lemma dims[simp]:
  "dim_row A = k" "dim_col A = k" "dim_row B = k" "dim_col B = k" "dim_row C = k" "dim_col C = 2"
  "dim_row D = 2" "dim_col D = k" "dim_row g = k" "dim_col g = k"
  "dim_row (minv A) = k" "dim_col (minv A) = k" "dim_row (minv g) = k" "dim_col (minv g) = k"
  using carriers minv_carrier_mat[OF A_carrier invertible(1)]
    minv_carrier_mat[OF g_carrier invertible(2)] by auto

lemma minv_cancel[simp]:
  assumes "dim_vec y = k"
  shows "minv A *\<^sub>v (A *\<^sub>v y) = y" "A *\<^sub>v (minv A *\<^sub>v y) = y"
    "minv g *\<^sub>v (g *\<^sub>v y) = y" "g *\<^sub>v (minv g *\<^sub>v y) = y"
  using minv_mult_vec_cancel[OF A_carrier invertible(1)] minv_mult_vec_cancel[OF g_carrier invertible(2)]
    assms by (auto intro: carrier_vecI)

lemma witness_eqs:
  shows twist_A: "\<zeta> \<cdot>\<^sub>m A = g * A * minv g"
    and twist_B: "\<xi> \<cdot>\<^sub>m B = g * (B - colC C 1 * rowD D 1 * minv A) * minv g"
    and twist_C1: "(expi (pi / (2 * k)) * expi (j * pi / (4 * k))) \<cdot>\<^sub>m colC C 1
      = expi \<omega> \<cdot>\<^sub>m (g * colC C 2)"
    and twist_C2: "(expi (pi / (2 * k)) * expi (3 * j * pi / (4 * k))) \<cdot>\<^sub>m colC C 2
      = expi (- \<omega>) \<cdot>\<^sub>m (g * A * colC C 1)"
    and twist_D1: "(expi (pi / (2 * k)) * expi (3 * j * pi / (4 * k))) \<cdot>\<^sub>m rowD D 1
      = expi (- \<omega>) \<cdot>\<^sub>m (rowD D 2 * minv g)"
    and twist_D2: "(expi (pi / (2 * k)) * expi (j * pi / (4 * k))) \<cdot>\<^sub>m rowD D 2
      = expi \<omega> \<cdot>\<^sub>m (rowD D 1 * minv A * minv g)"
  using witness unfolding symmetry_witness_def \<zeta>_def \<xi>_def by auto

lemma g_A_twist: "dim_vec y = k \<Longrightarrow> g *\<^sub>v (A *\<^sub>v y) = \<zeta> \<cdot>\<^sub>v (A *\<^sub>v (g *\<^sub>v y))"
  using arg_cong[OF twist_A, of "\<lambda>M. M *\<^sub>v (g *\<^sub>v y)"] by simp

lemma g_B_twist:
  "dim_vec y = k \<Longrightarrow>
    g *\<^sub>v (B *\<^sub>v y) = \<xi> \<cdot>\<^sub>v (B *\<^sub>v (g *\<^sub>v y)) + (row D 0 \<bullet> (minv A *\<^sub>v y)) \<cdot>\<^sub>v (g *\<^sub>v col C 0)"
  using arg_cong[OF twist_B, of "\<lambda>M. M *\<^sub>v (g *\<^sub>v y)"]
  by (auto simp: colC_mult_vec rowD_mult_vec vec_eq_iff)

lemma g_C2: "g *\<^sub>v col C 1 = \<tau>\<^sub>1 \<cdot>\<^sub>v col C 0"
  using arg_cong[OF twist_C1, of "\<lambda>M. M *\<^sub>v vec 1 (\<lambda>_. 1)"]
  unfolding \<tau>\<^sub>1_def by (auto simp: colC_mult_vec vec_eq_iff field_simps)

lemma g_A_C1: "g *\<^sub>v (A *\<^sub>v col C 0) = \<tau>\<^sub>2 \<cdot>\<^sub>v col C 1"
  using arg_cong[OF twist_C2, of "\<lambda>M. M *\<^sub>v vec 1 (\<lambda>_. 1)"]
  unfolding \<tau>\<^sub>2_def by (auto simp: colC_mult_vec vec_eq_iff field_simps)

lemma D1_g: "dim_vec x = k \<Longrightarrow> \<tau>\<^sub>2 * (row D 0 \<bullet> (g *\<^sub>v x)) = row D 1 \<bullet> x"
  using arg_cong[OF twist_D1, of "\<lambda>M. (M *\<^sub>v (g *\<^sub>v x)) $ 0"]
  unfolding \<tau>\<^sub>2_def by (simp add: rowD_mult_vec field_simps)

lemma D2_g_A: "dim_vec x = k \<Longrightarrow> \<tau>\<^sub>1 * (row D 1 \<bullet> (g *\<^sub>v (A *\<^sub>v x))) = row D 0 \<bullet> x"
  using arg_cong[OF twist_D2, of "\<lambda>M. (M *\<^sub>v (g *\<^sub>v (A *\<^sub>v x))) $ 0"]
  unfolding \<tau>\<^sub>1_def by (simp add: rowD_mult_vec field_simps)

......

EXERCISE PROMPT
In the entries above, find the line holding "by (auto simp: colC_mult_vec rowD_mult_vec" and the line holding "k \<Longrightarrow> \<tau>\<^sub>1"; print both of them and every line between, exactly, and nothing else.

RESPONSE TO THIS TASK
  by (auto simp: colC_mult_vec rowD_mult_vec vec_eq_iff)

lemma g_C2: "g *\<^sub>v col C 1 = \<tau>\<^sub>1 \<cdot>\<^sub>v col C 0"
  using arg_cong[OF twist_C1, of "\<lambda>M. M *\<^sub>v vec 1 (\<lambda>_. 1)"]
  unfolding \<tau>\<^sub>1_def by (auto simp: colC_mult_vec vec_eq_iff field_simps)

lemma g_A_C1: "g *\<^sub>v (A *\<^sub>v col C 0) = \<tau>\<^sub>2 \<cdot>\<^sub>v col C 1"
  using arg_cong[OF twist_C2, of "\<lambda>M. M *\<^sub>v vec 1 (\<lambda>_. 1)"]
  unfolding \<tau>\<^sub>2_def by (auto simp: colC_mult_vec vec_eq_iff field_simps)

lemma D1_g: "dim_vec x = k \<Longrightarrow> \<tau>\<^sub>2 * (row D 0 \<bullet> (g *\<^sub>v x)) = row D 1 \<bullet> x"
  using arg_cong[OF twist_D1, of "\<lambda>M. (M *\<^sub>v (g *\<^sub>v x)) $ 0"]
  unfolding \<tau>\<^sub>2_def by (simp add: rowD_mult_vec field_simps)

lemma D2_g_A: "dim_vec x = k \<Longrightarrow> \<tau>\<^sub>1 * (row D 1 \<bullet> (g *\<^sub>v (A *\<^sub>v x))) = row D 0 \<bullet> x"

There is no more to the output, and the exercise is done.